■ **TASK TO COMPLETE**:
Return exactly the lines of the records below, starting at the line that contains "sum.remove del: of_nat_sum)" and ending at the line that contains "define e' where", with both of those lines kept.

■ **MATERIAL PROVIDED**:
(* Let $a,b$ be integers with $0<a<b$, let $\gamma_1<\gamma_2<\cdots$ be the greedy dissociated sequence starting from $a,b$, and let $n_0(a,b)$ be the least integer such that $\gamma_n=2\gamma_{n-1}$ for all $n\ge n_0(a,b)$. Then $$n_0(a,b)\le L+2K+5,$$ where $L:=\lceil\log_2(2b+2)\rceil$ and $K:=\lceil\log_2 L\rceil$.
   Context: A set $\mathcal S\subseteq\mathbb N$ is dissociated if all of its finite subsets have different sums. The greedy dissociated sequence starting from $a,b$ is defined by $\gamma_1=a$, $\gamma_2=b$, and for $r\ge 3$, $\gamma_r$ is the smallest integer greater than $\gamma_{r-1}$ such that $\{\gamma_1,\dots,\gamma_r\}$ is dissociated. It is known that $\gamma_n=2\gamma_{n-1}$ for all sufficiently large $n$, so $n_0(a,b)$ is well defined. *)

theory Defs
  imports Complex_Main
begin

definition dissociated :: "nat set \<Rightarrow> bool" where
  "dissociated S \<longleftrightarrow>
     (\<forall>A B. A \<subseteq> S \<and> B \<subseteq> S \<and> finite A \<and> finite B \<and> \<Sum>A = \<Sum>B \<longrightarrow> A = B)"

fun greedy_list :: "nat \<Rightarrow> nat \<Rightarrow> nat \<Rightarrow> nat list" where
  "greedy_list a b 0 = []"
| "greedy_list a b (Suc 0) = [a]"
| "greedy_list a b (Suc (Suc 0)) = [a, b]"
| "greedy_list a b (Suc (Suc (Suc n))) =
     (let xs = greedy_list a b (Suc (Suc n)) in
      xs @ [LEAST x. last xs < x \<and> dissociated (insert x (set xs))])"

text \<open>gamma a b r is the r-th term (1-indexed, r \<ge> 1) of the greedy dissociated sequence.\<close>
definition gamma :: "nat \<Rightarrow> nat \<Rightarrow> nat \<Rightarrow> nat" where
  "gamma a b r = last (greedy_list a b r)"

text \<open>n_0(a,b): least n0 (with n0 \<ge> 2, so that gamma (n-1) is defined) such that
  gamma n = 2 gamma (n-1) for all n \<ge> n0.\<close>
definition n0 :: "nat \<Rightarrow> nat \<Rightarrow> nat" where
  "n0 a b = (LEAST m. 2 \<le> m \<and> (\<forall>n\<ge>m. gamma a b n = 2 * gamma a b (n - 1)))"

end

(* Let D_r be the set of differences of two subset sums of {gamma_1, ..., gamma_r}, and S_r the
   sum of these terms. Adjoining x to a dissociated set keeps it dissociated iff x is not in D_r,
   so gamma_(r+1) is the least integer above gamma_r outside D_r.

   Suppose D_r contains every x > 0 with 2 x <= S_r + 1. Then gamma_(r+1) > (S_r + 1) / 2, so
   D_(r+1) contains every x with 0 < x < 2 gamma_(r+1) but not 2 gamma_(r+1), whence
   gamma_(r+2) = 2 gamma_(r+1), and the hypothesis propagates to r + 1.

   If instead D_r has a hole x with 2 x <= S_r + 1, the subset sums and their shifts by x are
   2^(r+1) distinct numbers, so 2^(r+2) <= 3 (S_r + 1). But S_r = O(b r^2): either D_r has a hole
   below b, which keeps every step gamma_(i+1) - gamma_i below b, or D_r contains all of
   [1, gamma_(r+1)), and from the first index where this happens the sequence at least doubles.
   Hence 2^(r+1) <= 3 b r^2, which fails for r = L + 2 K + 3. *)

theory Submission
  imports Defs
begin

definition subset_sum_diffs :: "nat set \<Rightarrow> int set" where
  "subset_sum_diffs G = {int (\<Sum>A) - int (\<Sum>B) | A B. A \<subseteq> G \<and> B \<subseteq> G}"

lemma subset_sum_diffsI:
  "A \<subseteq> G \<Longrightarrow> B \<subseteq> G \<Longrightarrow> e = int (\<Sum>A) - int (\<Sum>B) \<Longrightarrow> e \<in> subset_sum_diffs G"
  unfolding subset_sum_diffs_def by blast

lemma subset_sum_diffsE:
  assumes "e \<in> subset_sum_diffs G"
  obtains A B where "A \<subseteq> G" "B \<subseteq> G" "e = int (\<Sum>A) - int (\<Sum>B)"
  using assms unfolding subset_sum_diffs_def by blast

lemma zero_mem_subset_sum_diffs: "0 \<in> subset_sum_diffs G"
  by (rule subset_sum_diffsI[of "{}" _ "{}"]) auto

lemma of_nat_mem_subset_sum_diffs: "y \<in> G \<Longrightarrow> int y \<in> subset_sum_diffs G"
  by (rule subset_sum_diffsI[of "{y}" _ "{}"]) auto

lemma uminus_mem_subset_sum_diffs: "e \<in> subset_sum_diffs G \<Longrightarrow> - e \<in> subset_sum_diffs G"
  by (erule subset_sum_diffsE) (rule subset_sum_diffsI, assumption+, simp)

lemma subset_sum_diffs_mono: "G \<subseteq> H \<Longrightarrow> subset_sum_diffs G \<subseteq> subset_sum_diffs H"
  unfolding subset_sum_diffs_def by blast

lemma abs_le_Sum_if_mem_subset_sum_diffs:
  assumes "finite G" "e \<in> subset_sum_diffs G"
  shows "\<bar>e\<bar> \<le> int (\<Sum>G)"
proof -
  obtain A B where "A \<subseteq> G" "B \<subseteq> G" "e = int (\<Sum>A) - int (\<Sum>B)"
    using assms(2) by (rule subset_sum_diffsE)
  moreover from calculation have "\<Sum>A \<le> \<Sum>G" "\<Sum>B \<le> \<Sum>G"
    using assms(1) by (auto intro: sum_mono2)
  ultimately show ?thesis by linarith
qed

lemma int_Sum_remove:
  "finite A \<Longrightarrow> int (\<Sum>A) = int (\<Sum>(A - {y})) + (if y \<in> A then int y else 0)"
  by (cases "y \<in> A") (simp_all add: sum.remove del: of_nat_sum)

lemma subset_sum_diffs_insert:
  assumes "finite G" "y \<notin> G"
  shows "subset_sum_diffs (insert y G) =
    subset_sum_diffs G \<union> (\<lambda>e. e + int y) ` subset_sum_diffs G \<union> (\<lambda>e. e - int y) ` subset_sum_diffs G"
    (is "?D' = ?D \<union> ?plus \<union> ?minus")
proof (intro equalityI subsetI)
  fix e assume "e \<in> ?D'"
  then obtain A B where AB: "A \<subseteq> insert y G" "B \<subseteq> insert y G" and e: "e = int (\<Sum>A) - int (\<Sum>B)"
    by (rule subset_sum_diffsE)
  define e' where "e' = int (\<Sum>(A - {y})) - int (\<Sum>(B - {y}))"
  have "e' \<in> ?D" unfolding e'_def using AB by (intro subset_sum_diffsI[of "A - {y}" _ "B - {y}"]) auto
  moreover have "finite A" "finite B" using AB assms(1) finite_subset by auto
  then have "e = e' + (if y \<in> A then int y else 0) - (if y \<in> B then int y else 0)"
    using int_Sum_remove[of A y] int_Sum_remove[of B y] unfolding e e'_def by linarith
  ultimately show "e \<in> ?D \<union> ?plus \<union> ?minus" by (auto split: if_splits)
next
  have plus: "e + int y \<in> ?D'" and minus: "e - int y \<in> ?D'" if "e \<in> ?D" for e
  proof -
    obtain A B where AB: "A \<subseteq> G" "B \<subseteq> G" and e: "e = int (\<Sum>A) - int (\<Sum>B)"
      using \<open>e \<in> ?D\<close> by (rule subset_sum_diffsE)
    have "finite A" "finite B" "y \<notin> A" "y \<notin> B" using AB assms finite_subset by auto
    then have plus_eq: "e + int y = int (\<Sum>(insert y A)) - int (\<Sum>B)"
      and minus_eq: "e - int y = int (\<Sum>A) - int (\<Sum>(insert y B))" by (simp_all add: e)
    show "e + int y \<in> ?D'" by (rule subset_sum_diffsI[OF _ _ plus_eq]) (use AB in auto)
    show "e - int y \<in> ?D'" by (rule subset_sum_diffsI[OF _ _ minus_eq]) (use AB in auto)
  qed
  fix e assume "e \<in> ?D \<union> ?plus \<union> ?minus"
  then show "e \<in> ?D'"
    by (elim UnE imageE) (use plus minus subset_sum_diffs_mono[of G "insert y G"] in auto)
qed

lemma dissociatedD:
  "dissociated S \<Longrightarrow> \<Sum>A = \<Sum>B \<Longrightarrow> A \<subseteq> S \<Longrightarrow> B \<subseteq> S \<Longrightarrow> finite A \<Longrightarrow> finite B \<Longrightarrow> A = B"
  unfolding dissociated_def by blast

lemma dissociated_subset: "A \<subseteq> B \<Longrightarrow> dissociated B \<Longrightarrow> dissociated A"
  unfolding dissociated_def by (meson order.trans)

lemma dissociated_insert_iff:
  assumes fin: "finite G" and dis: "dissociated G" and "x \<notin> G"
  shows "dissociated (insert x G) \<longleftrightarrow> int x \<notin> subset_sum_diffs G"
proof
  assume dis': "dissociated (insert x G)"
  show "int x \<notin> subset_sum_diffs G"
  proof
    assume "int x \<in> subset_sum_diffs G"
    then obtain A B where AB: "A \<subseteq> G" "B \<subseteq> G" and "int x = int (\<Sum>A) - int (\<Sum>B)"
      by (rule subset_sum_diffsE)
    moreover have "finite A" "finite B" "x \<notin> A" "x \<notin> B" using AB fin \<open>x \<notin> G\<close> finite_subset by auto
    ultimately have "\<Sum>A = x + \<Sum>B" by linarith
    then have "\<Sum>(insert x B) = \<Sum>A" using \<open>finite B\<close> \<open>x \<notin> B\<close> by simp
    then have "insert x B = A" by (rule dissociatedD[OF dis']) (use AB \<open>finite A\<close> \<open>finite B\<close> in auto)
    then show False using \<open>x \<notin> A\<close> by blast
  qed
next
  assume hole: "int x \<notin> subset_sum_diffs G"
  show "dissociated (insert x G)"
    unfolding dissociated_def
  proof (intro allI impI, elim conjE)
    fix A B assume AB: "A \<subseteq> insert x G" "B \<subseteq> insert x G" "finite A" "finite B" "\<Sum>A = \<Sum>B"
    define d where "d = int (\<Sum>(A - {x})) - int (\<Sum>(B - {x}))"
    have d_mem: "d \<in> subset_sum_diffs G"
      unfolding d_def using AB by (intro subset_sum_diffsI[of "A - {x}" _ "B - {x}"]) auto
    have d: "d = (if x \<in> B then int x else 0) - (if x \<in> A then int x else 0)"
      using AB int_Sum_remove[of A x] int_Sum_remove[of B x] unfolding d_def by linarith
    consider "x \<in> A \<longleftrightarrow> x \<in> B" | "x \<in> A" "x \<notin> B" | "x \<notin> A" "x \<in> B" by blast
    then show "A = B"
    proof cases
      case 1
      then have "d = 0" using d by simp
      then have "\<Sum>(A - {x}) = \<Sum>(B - {x})" unfolding d_def by linarith
      then have "A - {x} = B - {x}" by (rule dissociatedD[OF dis]) (use AB in auto)
      with 1 show ?thesis by blast
    next
      case 2
      then have "int x = - d" using d by simp
      with uminus_mem_subset_sum_diffs[OF d_mem] hole show ?thesis by simp
    next
      case 3
      then have "int x = d" using d by simp
      with d_mem hole show ?thesis by simp
    qed
  qed
qed

lemma dissociated_empty: "dissociated {}"
  unfolding dissociated_def by blast

lemma dissociated_insert_if_Sum_less:
  assumes "finite G" "dissociated G" "\<Sum>G < x"
  shows "dissociated (insert x G)"
proof -
  have "x \<notin> G" using assms member_le_sum[of x G id] by fastforce
  moreover have "int x \<notin> subset_sum_diffs G"
  proof
    assume "int x \<in> subset_sum_diffs G"
    from abs_le_Sum_if_mem_subset_sum_diffs[OF assms(1) this] assms(3) show False by linarith
  qed
  ultimately show ?thesis using dissociated_insert_iff assms(1,2) by blast
qed

text \<open>The \<open>2 ^ card G\<close> subset sums and their shifts by a non-difference \<open>x\<close> are
  pairwise distinct numbers in \<open>{0..\<Sum>G + x}\<close>.\<close>
lemma dissociated_two_pow_card_le:
  assumes fin: "finite G" and dis: "dissociated G" and hole: "int x \<notin> subset_sum_diffs G"
  shows "2 * 2 ^ card G \<le> \<Sum>G + x + 1"
proof -
  define P where "P = (\<lambda>A. \<Sum>A) ` Pow G"
  define Q where "Q = (\<lambda>p. p + x) ` P"
  have "inj_on (\<lambda>A. \<Sum>A) (Pow G)"
    using fin by (intro inj_onI dissociatedD[OF dis]) (auto intro: finite_subset)
  then have card_P: "card P = 2 ^ card G" unfolding P_def by (simp add: card_image card_Pow fin)
  have card_Q: "card Q = card P" unfolding Q_def by (simp add: card_image)
  have "P \<subseteq> {0..\<Sum>G}" unfolding P_def using fin by (auto intro: sum_mono2)
  then have PQ: "P \<union> Q \<subseteq> {0..\<Sum>G + x}" unfolding Q_def by auto
  have "P \<inter> Q = {}"
  proof (rule ccontr)
    assume "P \<inter> Q \<noteq> {}"
    then obtain A B where "A \<subseteq> G" "B \<subseteq> G" "\<Sum>A = \<Sum>B + x" unfolding P_def Q_def by auto
    then have "int x \<in> subset_sum_diffs G" by (intro subset_sum_diffsI[of A G B]) auto
    with hole show False ..
  qed
  then have "card P + card Q = card (P \<union> Q)"
    by (intro card_Un_disjoint[symmetric]) (use fin in \<open>auto simp: P_def Q_def\<close>)
  also have "\<dots> \<le> card {0..\<Sum>G + x}" using PQ by (intro card_mono) auto
  finally show ?thesis using card_P card_Q by simp
qed

locale greedy_dissociated =
  fixes a b :: nat
  assumes a_pos: "0 < a" and a_less_b: "a < b"
begin

abbreviation \<gamma> :: "nat \<Rightarrow> nat" where
  "\<gamma> \<equiv> gamma a b"

definition G :: "nat \<Rightarrow> nat set" where
  "G r = set (greedy_list a b r)"

abbreviation S :: "nat \<Rightarrow> nat" where
  "S r \<equiv> \<Sum>(G r)"

abbreviation D :: "nat \<Rightarrow> int set" where
  "D r \<equiv> subset_sum_diffs (G r)"

lemma greedy_list_Suc: "greedy_list a b (Suc r) = greedy_list a b r @ [\<gamma> (Suc r)]"
  by (cases "(a, b, r)" rule: greedy_list.cases)
    (simp_all add: gamma_def Let_def)

lemma G_0 [simp]: "G 0 = {}"
  by (simp add: G_def)

lemma G_Suc: "G (Suc r) = insert (\<gamma> (Suc r)) (G r)"
  by (simp add: G_def greedy_list_Suc)

lemma finite_G [simp]: "finite (G r)"
  by (simp add: G_def)

lemma \<gamma>_Suc_0 [simp]: "\<gamma> (Suc 0) = a"
  by (simp add: gamma_def)

lemma \<gamma>_2 [simp]: "\<gamma> 2 = b"
  by (simp add: gamma_def numeral_2_eq_2)

lemma \<gamma>_Suc_eq_Least:
  "2 \<le> r \<Longrightarrow> \<gamma> (Suc r) = (LEAST x. \<gamma> r < x \<and> dissociated (insert x (G r)))"
  by (cases "(a, b, r)" rule: greedy_list.cases)
    (simp_all add: gamma_def G_def Let_def)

■ **EXPECTED OUTPUT**:
  by (cases "y \<in> A") (simp_all add: sum.remove del: of_nat_sum)

lemma subset_sum_diffs_insert:
  assumes "finite G" "y \<notin> G"
  shows "subset_sum_diffs (insert y G) =
    subset_sum_diffs G \<union> (\<lambda>e. e + int y) ` subset_sum_diffs G \<union> (\<lambda>e. e - int y) ` subset_sum_diffs G"
    (is "?D' = ?D \<union> ?plus \<union> ?minus")
proof (intro equalityI subsetI)
  fix e assume "e \<in> ?D'"
  then obtain A B where AB: "A \<subseteq> insert y G" "B \<subseteq> insert y G" and e: "e = int (\<Sum>A) - int (\<Sum>B)"
    by (rule subset_sum_diffsE)
  define e' where "e' = int (\<Sum>(A - {y})) - int (\<Sum>(B - {y}))"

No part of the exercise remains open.